Yves Bissouma cerca de Ajax: talento y dudas británicas
Yves Bissouma está a horas de convertirse en nuevo jugador de Ajax. El centrocampista maliense, libre tras su etapa en Tottenham Hotspur, ya se encuentra en Ámsterdam para pasar el reconocimiento médico. Si todo va según lo previsto, firmará hasta mediados de 2027, con opción a un año más.
El movimiento, potente a nivel deportivo, llega acompañado de un ruido que no se apaga. En Inglaterra no hablan solo del futbolista. Hablan del expediente.
Talento indiscutible, expediente cargado
Durante cuatro años, Bissouma perteneció a Tottenham Hotspur. La Premier League conoce bien su zancada, su agresividad en la presión, su capacidad para dominar el centro del campo. Nadie cuestiona eso.
Lo que sí cuestionan, y con fuerza, es todo lo que rodea al jugador fuera del césped.
El periodista Jack Johnson, de talkSPORT, fue directo al analizar por qué el club londinense no amplió su contrato: “Que no se le renovara en Spurs no fue una sorpresa. No solo por su lesión de rodilla en la última temporada, sino también por los diversos problemas que tuvo fuera del campo. Tras llegar tarde en varias ocasiones, el entonces entrenador Thomas Frank lo dejó fuera de la convocatoria por ‘falta de disciplina’”.
Desde Inglaterra subrayan que ese episodio no fue aislado. talkSPORT recuerda que el castigo estuvo ligado a un vídeo que el propio Bissouma publicó en redes sociales, en el que aparecía consumiendo óxido nitroso. Después de aquella suspensión, aseguran que fue grabado por segunda vez utilizando un globo de óxido nitroso.
El peso de un robo y la salud mental
The Mirror añade un matiz clave en esta historia. Bissouma explicó más tarde que un robo en su casa marcó un antes y un después en su vida personal. El jugador relató que el asalto tuvo un impacto enorme en su estado mental y desembocó en ansiedad, ataques de pánico, depresión y paranoia. Según su versión, ese fue el contexto en el que entró en contacto con el óxido nitroso.
El relato no ha suavizado del todo la mirada británica. Comprenden el trasfondo, pero no rebajan la alerta.
Advertencia a Ajax: “Habrá que vigilarle de cerca”
En Reino Unido el fichaje se analiza casi como una apuesta de alto riesgo. The Sun lanza un mensaje nítido hacia Ámsterdam: “Ajax tendrá que vigilar a Bissouma más de cerca que sus predecesores, para evitar que se repita esa situación”.

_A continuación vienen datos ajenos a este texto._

lemma f_val_eq:
  fixes k v :: nat
  assumes "0 < k"
  defines "a \<equiv> nat \<lfloor>real k / real v\<rfloor>"
  shows "f_val k v = real k - real v / 2 - (2 * real a + 1) + real v * real a * (real a + 1) / real k"
proof -
  have "real a = of_int \<lfloor>real k / real v\<rfloor>"
    unfolding a_def by simp
  then show ?thesis
    unfolding f_val_def using assms by (simp add: field_simps power2_eq_square)
qed

lemma c_val_eq_f_val_minus_defects:
  assumes "admissible t k l" "0 < k"
  defines "v \<equiv> card (set l)"
  defines "a \<equiv> nat \<lfloor>real k / real v\<rfloor>"
  shows "c_val t l = f_val k v
    - (\<Sum>i\<in>set l. (real (n_occ l i) - real a) * (real (n_occ l i) - real a - 1)) / real k
    - (\<Sum>i\<in>set l. real (card (run_starts l i)) - 1) / 2"
  unfolding c_val_eq_run_starts[OF assms(1)] f_val_eq[OF assms(2)] a_def[symmetric]
    sum_squares_eq_consecutive_products[where a = a] sum_n_occ_eq_length[OF assms(1)]
  using assms(2) by (simp add: sum_subtractf v_def field_simps)

lemma sum_run_start_excess_nonneg:
  assumes "2 \<le> card (set l)"
  shows "0 \<le> (\<Sum>i\<in>set l. real (card (run_starts l i)) - 1)"
  using card_run_starts_pos[OF _ assms] by (intro sum_nonneg) simp

lemma c_val_le_f_val:
  assumes "admissible t k l" "0 < k" "2 \<le> card (set l)"
  shows "c_val t l \<le> f_val k (card (set l))"
proof -
  define a where "a = nat \<lfloor>real k / real (card (set l))\<rfloor>"
  have "0 \<le> (\<Sum>i\<in>set l. (real (n_occ l i) - real a) * (real (n_occ l i) - real a - 1)) / real k"
    by (intro divide_nonneg_nonneg sum_consecutive_products_nonneg) simp
  then show ?thesis
    using c_val_eq_f_val_minus_defects[OF assms(1,2)] sum_run_start_excess_nonneg[OF assms(3)]
    unfolding a_def by linarith
qed

lemma c_val_eq_f_val_iff:
  assumes "admissible t k l" "0 < k" "2 \<le> card (set l)"
  defines "a \<equiv> nat \<lfloor>real k / real (card (set l))\<rfloor>"
  shows "c_val t l = f_val k (card (set l)) \<longleftrightarrow>
           (\<forall>i\<in>set l. n_occ l i = a \<or> n_occ l i = a + 1)
           \<and> (\<forall>i\<in>set l. cyclically_consecutive l i)"
proof -
  define P where "P = (\<Sum>i\<in>set l. (real (n_occ l i) - real a) * (real (n_occ l i) - real a - 1))"
  define R where "R = (\<Sum>i\<in>set l. real (card (run_starts l i)) - 1)"
  have "0 \<le> P"
    unfolding P_def by (rule sum_consecutive_products_nonneg)
  moreover have "0 \<le> R"
    unfolding R_def by (rule sum_run_start_excess_nonneg[OF assms(3)])
  moreover have "c_val t l = f_val k (card (set l)) - P / real k - R / 2"
    unfolding P_def R_def a_def by (rule c_val_eq_f_val_minus_defects[OF assms(1,2)])
  ultimately have "c_val t l = f_val k (card (set l)) \<longleftrightarrow> P = 0 \<and> R = 0"
    using assms(2) by (smt (verit) divide_nonneg_pos divide_eq_0_iff of_nat_0_less_iff)
  also have "P = 0 \<longleftrightarrow> (\<forall>i\<in>set l. n_occ l i = a \<or> n_occ l i = a + 1)"
    unfolding P_def by (rule sum_consecutive_products_eq_0_iff) simp
  also have "R = 0 \<longleftrightarrow> (\<forall>i\<in>set l. cyclically_consecutive l i)"
    unfolding R_def using card_run_starts_pos[OF _ assms(3)]
      cyclically_consecutive_iff_card_run_starts[OF _ assms(3)]
    by (subst sum_nonneg_eq_0_iff) force+
  finally show ?thesis .
qed

fun blocks :: "(nat \<Rightarrow> nat) \<Rightarrow> nat \<Rightarrow> nat list" where
  "blocks sz 0 = []"
| "blocks sz (Suc n) = blocks sz n @ replicate (sz (Suc n)) (Suc n)"

lemma length_blocks: "length (blocks sz n) = (\<Sum>i\<in>{1..n}. sz i)"
  by (induction n) simp_all

lemma set_blocks_subset: "set (blocks sz n) \<subseteq> {1..n}"
  by (induction n) auto

lemma count_list_blocks: "count_list (blocks sz n) i = (if 1 \<le> i \<and> i \<le> n then sz i else 0)"
proof -
  have replicate: "count_list (replicate m x) i = (if i = x then m else 0)" for m x
    by (induction m) auto
  show ?thesis
    by (induction n) (auto simp: replicate)
qed
lemma has_degree_iff_polys_le:
  assumes "1 \<le> d"
  shows "has_degree d c \<longleftrightarrow> c \<in> polys_le d \<and> c \<notin> polys_le (d - 1)"
proof
  assume deg: "has_degree d c"
  then obtain i j where ij: "i + j = d" "c i j \<noteq> 0" by (auto simp: has_degree_def)
  have "d - 1 < i + j" using ij(1) assms by simp
  then show "c \<in> polys_le d \<and> c \<notin> polys_le (d - 1)"
    using deg ij(2) by (auto simp: has_degree_def polys_le_def)
next
  assume c: "c \<in> polys_le d \<and> c \<notin> polys_le (d - 1)"
  then obtain i j where ij: "d - 1 < i + j" "c i j \<noteq> 0" by (auto simp: polys_le_def)
  moreover have "i + j \<le> d"
  proof (rule ccontr)
    assume "\<not> i + j \<le> d"
    then show False using c ij(2) by (auto simp: polys_le_def)
  qed
  ultimately have "i + j = d" by arith
  then show "has_degree d c" using c ij(2) by (auto simp: has_degree_def polys_le_def)
qed

lemma is_curve_zero_set: "has_degree d c \<Longrightarrow> is_curve d {p. bipoly_eval d c p = 0}"
  unfolding is_curve_def by blast

lemma ex_bipoly_eval_nonzero:
  assumes "c \<in> polys_le d" "c \<noteq> 0"
  shows "\<exists>p. bipoly_eval d c p \<noteq> 0"
proof (rule ccontr)
  assume vanishes: "\<not> ?thesis"
  have eq: "bipoly_eval d c (x, y) = (\<Sum>i\<le>d. (\<Sum>j\<le>d. c i j * y ^ j) * x ^ i)" for x y
    unfolding bipoly_eval_def sum_distrib_right by (intro sum.cong refl) (simp add: algebra_simps)
  have all: "(\<Sum>i\<le>d. (\<Sum>j\<le>d. c i j * y ^ j) * x ^ i) = 0" for x y
    using vanishes eq[of x y] by auto
  have "(\<Sum>j\<le>d. c i j * y ^ j) = 0" if "i \<le> d" for i y
    using polyfun_eq_0[of "\<lambda>i. \<Sum>j\<le>d. c i j * y ^ j" d] all that by blast
  then have zero: "c i j = 0" if "i \<le> d" "j \<le> d" for i j
    using polyfun_eq_0[of "\<lambda>j. c i j" d] that by blast
  obtain i j where "c i j \<noteq> 0" using assms(2) by (auto simp: fun_eq_iff)
  moreover from this have "\<not> d < i + j" using assms(1) by (auto simp: polys_le_def)
  ultimately show False using zero by simp
qed

lemma ex_has_degree:
  assumes "g \<in> polys_le e" "g \<noteq> 0"
  shows "\<exists>e'\<le>e. has_degree e' g"
  using assms
proof (induct e)
  case 0
  have "g 0 0 \<noteq> 0"
  proof
    assume "g 0 0 = 0"
    then have "g i j = 0" for i j using 0(1) by (cases "i + j = 0") (auto simp: polys_le_def)
    then show False using 0(2) by (auto simp: fun_eq_iff)
  qed
  then show ?case using 0 by (auto simp: has_degree_def polys_le_def)
next
  case (Suc e)
  show ?case
  proof (cases "\<exists>i j. i + j = Suc e \<and> g i j \<noteq> 0")
    case True
    then show ?thesis using Suc.prems by (auto simp: has_degree_def polys_le_def)
  next
    case False
    have "g i j = 0" if "e < i + j" for i j
    proof (cases "i + j = Suc e")
      case True
      then show ?thesis using False by blast
    next
      case False
      then show ?thesis using that Suc.prems(1) by (simp add: polys_le_def)
    qed
    then have "g \<in> polys_le e" by (simp add: polys_le_def)
    then show ?thesis using Suc.hyps Suc.prems(2) le_Suc_eq by blast
  qed
qed

definition times_x_minus :: "real \<Rightarrow> bipoly \<Rightarrow> bipoly" where
  "times_x_minus a h = (\<lambda>i j. (if 0 < i then h (i - 1) j else 0) - a * h i j)"

lemma has_degree_times_x_minus:
  assumes "has_degree e h"
  shows "has_degree (Suc e) (times_x_minus a h)"
proof -
  obtain i j where ij: "i + j = e" "h i j \<noteq> 0" using assms by (auto simp: has_degree_def)
  have top: "times_x_minus a h (Suc i) j = h i j"
    using assms ij by (simp add: times_x_minus_def has_degree_def)
  have "\<forall>i' j'. Suc e < i' + j' \<longrightarrow> times_x_minus a h i' j' = 0"
    using assms by (auto simp: has_degree_def times_x_minus_def)
  moreover have "Suc i + j = Suc e \<and> times_x_minus a h (Suc i) j \<noteq> 0" using ij top by simp
  ultimately show ?thesis unfolding has_degree_def by blast
qed
lemma dc_coefficient_identities:
  assumes P: "admissible_params p" and dc: "dc_connected c"
  shows "energy_damping c p * (1 + g_dc p * k_dc p) = g_dc p * volt_gain_energy c p"
    and "(b_ac p - energy_coupling u c p) * (1 + g_dc p * k_dc p) = - g_dc p * volt_gain_angle u c p"
proof -
  define G where "G = dc_conductance c p"
  define E where "E = dc_droop_factor c p"
  have "1 + g_dc p * k_dc p > 0" using P by (simp add: admissible_params_def add_pos_nonneg)
  then have GD: "G * (1 + g_dc p * k_dc p) = g_dc p" using dc by (simp add: G_def dc_conductance_def)
  have E: "E = 1 + G * kp_dc p" by (simp add: E_def G_def dc_droop_factor_def)
  have E0: "E > 0" using reduced_coeff_signs[OF P] by (simp add: E_def)
  have "energy_damping c p * (1 + g_dc p * k_dc p) = G * (1 + g_dc p * k_dc p) * kw_dc p / E"
    by (simp add: energy_damping_def G_def E_def)
  also have "\<dots> = g_dc p * (kw_dc p - kp_dc p * (G * kw_dc p / E))"
    using E0 by (simp add: GD E field_simps)
  finally show "energy_damping c p * (1 + g_dc p * k_dc p) = g_dc p * volt_gain_energy c p"
    by (simp add: volt_gain_energy_def energy_damping_def G_def E_def)
  show "(b_ac p - energy_coupling u c p) * (1 + g_dc p * k_dc p) = - g_dc p * volt_gain_angle u c p"
  proof (cases u)
    case EnergyPD
    have "(b_ac p - b_ac p / E) * (1 + g_dc p * k_dc p) = b_ac p * (G * (1 + g_dc p * k_dc p)) * kp_dc p / E"
      using E0 by (simp add: E field_simps)
    then show ?thesis
      using EnergyPD by (simp add: GD energy_coupling_def volt_gain_angle_def E_def)
  qed (simp add: energy_coupling_def volt_gain_angle_def)
qed

lemma closed_loop_signals_of:
  assumes P: "admissible_params p"
    and dx: "\<And>t. (x has_real_derivative
               - energy_damping c p * x t - energy_coupling u c p * d t) (at t)"
    and d\<theta>: "\<And>t. (\<theta> has_real_derivative
               omega_star p + freq_gain_energy u c p * x t + freq_gain_angle u c p * d t) (at t)"
    and ac: "\<And>t. ac_connected c \<Longrightarrow> \<theta> t - \<theta>\<^sub>a\<^sub>c t = d t \<and>
               (\<theta>\<^sub>a\<^sub>c has_real_derivative omega_star p + k_ac p * (b_ac p * d t)) (at t)"
    and no_ac: "\<And>t. \<not> ac_connected c \<Longrightarrow> d t = 0"
  shows "closed_loop u c p (signals_of u c p x d \<theta> \<theta>\<^sub>a\<^sub>c)"
proof -
  have dW: "((\<lambda>t. W_star p + x t) has_real_derivative
      - energy_damping c p * x t - energy_coupling u c p * d t) (at t within {0..})" for t
    using dx[of t] by (auto intro!: derivative_eq_intros intro: has_field_derivative_at_within)
  have dc: "- energy_damping c p * X - energy_coupling u c p * Y + b_ac p * Y
      = g_dc p * ((Vdc_star p - k_dc p * (- energy_damping c p * X - energy_coupling u c p * Y
          + b_ac p * Y)) - (Vdc_star p + volt_gain_energy c p * X + volt_gain_angle u c p * Y))"
    if "dc_connected c" for X Y
  proof -
    note ids = dc_coefficient_identities[OF P that]
    have "(- energy_damping c p * X - energy_coupling u c p * Y + b_ac p * Y) * (1 + g_dc p * k_dc p)
      = - (energy_damping c p * (1 + g_dc p * k_dc p)) * X
        + ((b_ac p - energy_coupling u c p) * (1 + g_dc p * k_dc p)) * Y"
      by (simp add: algebra_simps)
    also have "\<dots> = - (g_dc p * volt_gain_energy c p) * X - g_dc p * volt_gain_angle u c p * Y"
      unfolding ids by simp
    finally show ?thesis by (simp add: algebra_simps)
  qed
  have no_dc: "energy_damping c p = 0 \<and> energy_coupling u c p = b_ac p" if "\<not> dc_connected c"
    using that by (cases u) (simp_all add: energy_damping_def energy_coupling_def
        dc_conductance_def dc_droop_factor_def)
  show ?thesis
    unfolding closed_loop_def signals_of_def Let_def mmc_signals.simps
  proof (intro allI impI conjI, goal_cases)
    case (1 t) show ?case by (rule dW)
  next
    case (2 t) show ?case by simp
  next
    case (3 t) show ?case using d\<theta> by (rule has_field_derivative_at_within)
  next
    case (4 t) show ?case
      by (cases u) (simp_all add: energy_coupling_def freq_gain_energy_def freq_gain_angle_def
          volt_gain_energy_def volt_gain_angle_def algebra_simps)
  next
    case (5 t) show ?case using ac no_ac by (simp add: has_field_derivative_at_within)
  next
    case (6 t) show ?case using dc no_dc by simp
  qed
qed

lemma closed_loop_solution_exists:
  assumes P: "admissible_params p"
  obtains s where "closed_loop u c p s" "state_x p s 0 = x0"
    "state_d c s 0 = (if ac_connected c then d0 else 0)"
proof (cases "ac_connected c")
  case True
  define a11 where "a11 = - energy_damping c p"
  define a12 where "a12 = - energy_coupling u c p"
  define a21 where "a21 = angle_rate_energy u c p"
  define a22 where "a22 = angle_rate_angle u c p"
  define D where "D = a11 * a22 - a12 * a21"
  have D: "D > 0" using reduced_det_pos[OF P] by (simp add: D_def a11_def a12_def a21_def a22_def)
  obtain x d where x0: "x 0 = x0" and d0: "d 0 = d0"
    and dx: "\<And>t. (x has_real_derivative a11 * x t + a12 * d t) (at t)"
    and dd: "\<And>t. (d has_real_derivative a21 * x t + a22 * d t) (at t)"
    using linear_ode2_solution_exists by metis
  define \<theta>\<^sub>a\<^sub>c where "\<theta>\<^sub>a\<^sub>c t = omega_star p * t + k_ac p * b_ac p * ((a11 * d t - a21 * x t) / D)" for t
  define \<theta> where "\<theta> t = d t + \<theta>\<^sub>a\<^sub>c t" for t
  have d\<theta>\<^sub>a\<^sub>c: "(\<theta>\<^sub>a\<^sub>c has_real_derivative omega_star p + k_ac p * (b_ac p * d t)) (at t)" for t
  proof -
    have "((\<lambda>t. (a11 * d t - a21 * x t) / D) has_real_derivative d t) (at t)"
      using linear_ode2_antiderivative[OF _ dx dd] D by (simp add: D_def)
    from DERIV_cmult[OF this, of "k_ac p * b_ac p"]
    have "(\<theta>\<^sub>a\<^sub>c has_real_derivative omega_star p + k_ac p * b_ac p * d t) (at t)"
      unfolding \<theta>\<^sub>a\<^sub>c_def[abs_def] by (intro DERIV_add) (auto intro!: derivative_eq_intros)
    then show ?thesis by (simp add: mult.assoc)
  qed
  have d\<theta>: "(\<theta> has_real_derivative
      omega_star p + freq_gain_energy u c p * x t + freq_gain_angle u c p * d t) (at t)" for t
    unfolding \<theta>_def[abs_def] using True
    by (auto intro!: derivative_eq_intros dd d\<theta>\<^sub>a\<^sub>c
        simp: a21_def a22_def angle_rate_energy_def angle_rate_angle_def algebra_simps)
  have "closed_loop u c p (signals_of u c p x d \<theta> \<theta>\<^sub>a\<^sub>c)"
    using dx d\<theta> d\<theta>\<^sub>a\<^sub>c True
    by (intro closed_loop_signals_of[OF P]) (simp_all add: a11_def a12_def \<theta>_def)
  then show ?thesis
    by (rule that) (simp_all add: signals_of_def Let_def state_x_def state_d_def True \<theta>_def x0 d0)
next
  case False
  define r where "r = energy_damping c p"
  have r: "r > 0"
    using reduced_coeff_signs(6)[OF P] not_ac_connected_imp_dc_connected[OF False] by (simp add: r_def)
  define x where "x t = x0 * exp (- r * t)" for t
  define \<theta> where "\<theta> t = omega_star p * t - freq_gain_energy u c p / r * x t" for t
  have dx: "(x has_real_derivative - r * x t) (at t)" for t
    unfolding x_def[abs_def] by (auto intro!: derivative_eq_intros)
  have d\<theta>: "(\<theta> has_real_derivative omega_star p + freq_gain_energy u c p * x t) (at t)" for t
    unfolding \<theta>_def[abs_def] using r by (auto intro!: derivative_eq_intros dx)
  have "closed_loop u c p (signals_of u c p x (\<lambda>_. 0) \<theta> (\<lambda>_. 0))"
    using dx d\<theta> False by (intro closed_loop_signals_of[OF P]) (simp_all add: r_def)
  then show ?thesis
    by (rule that) (simp_all add: signals_of_def Let_def state_x_def state_d_def False x_def)
qed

El foco no está en si puede rendir. La duda es si Ajax será capaz de contener todo lo que viene en el paquete: un centrocampista de nivel para competiciones europeas, pero con un historial reciente que obliga al club a extremar el control.
Escepticismo también en Países Bajos
Las reservas no llegan solo desde Inglaterra. En los Países Bajos también se mira el movimiento con recelo.
En el programa Vandaag Inside, Valentijn Driessen se mostró especialmente crítico con la inminente llegada del maliense: “Es un maliense que está más metido en el óxido nitroso que presente en los entrenamientos. Óxido nitroso para uso recreativo, ¡y tratándose de un futbolista! Jordi Cruyff no quiso a Noa Lang porque supuestamente era un jugador difícil, pero si traes a este… entonces sí que estás trayendo problemas”.
El contraste es evidente. Mientras la dirección deportiva de Ajax ve una oportunidad de mercado para reforzar el centro del campo con un jugador contrastado, voces influyentes en el entorno mediático avisan de una operación que puede salir cara si se repiten viejos patrones.
Un fichaje entre la ilusión y la desconfianza
Bissouma encara estos días decisivos en Ámsterdam con dos frentes abiertos: el médico, rutinario en cualquier fichaje, y el reputacional, mucho más complejo de superar. El club neerlandés apuesta por su calidad y por la posibilidad de recuperar a un futbolista que, a sus 27 años, aún tiene margen para reencauzar su carrera.
En Inglaterra, sin embargo, el juicio ya está emitido: talento, sí; riesgo, también.
Ajax está a punto de firmar a un mediocentro capaz de cambiar partidos. La cuestión es si también está preparado para gestionar todo lo que sucede cuando el balón deja de rodar.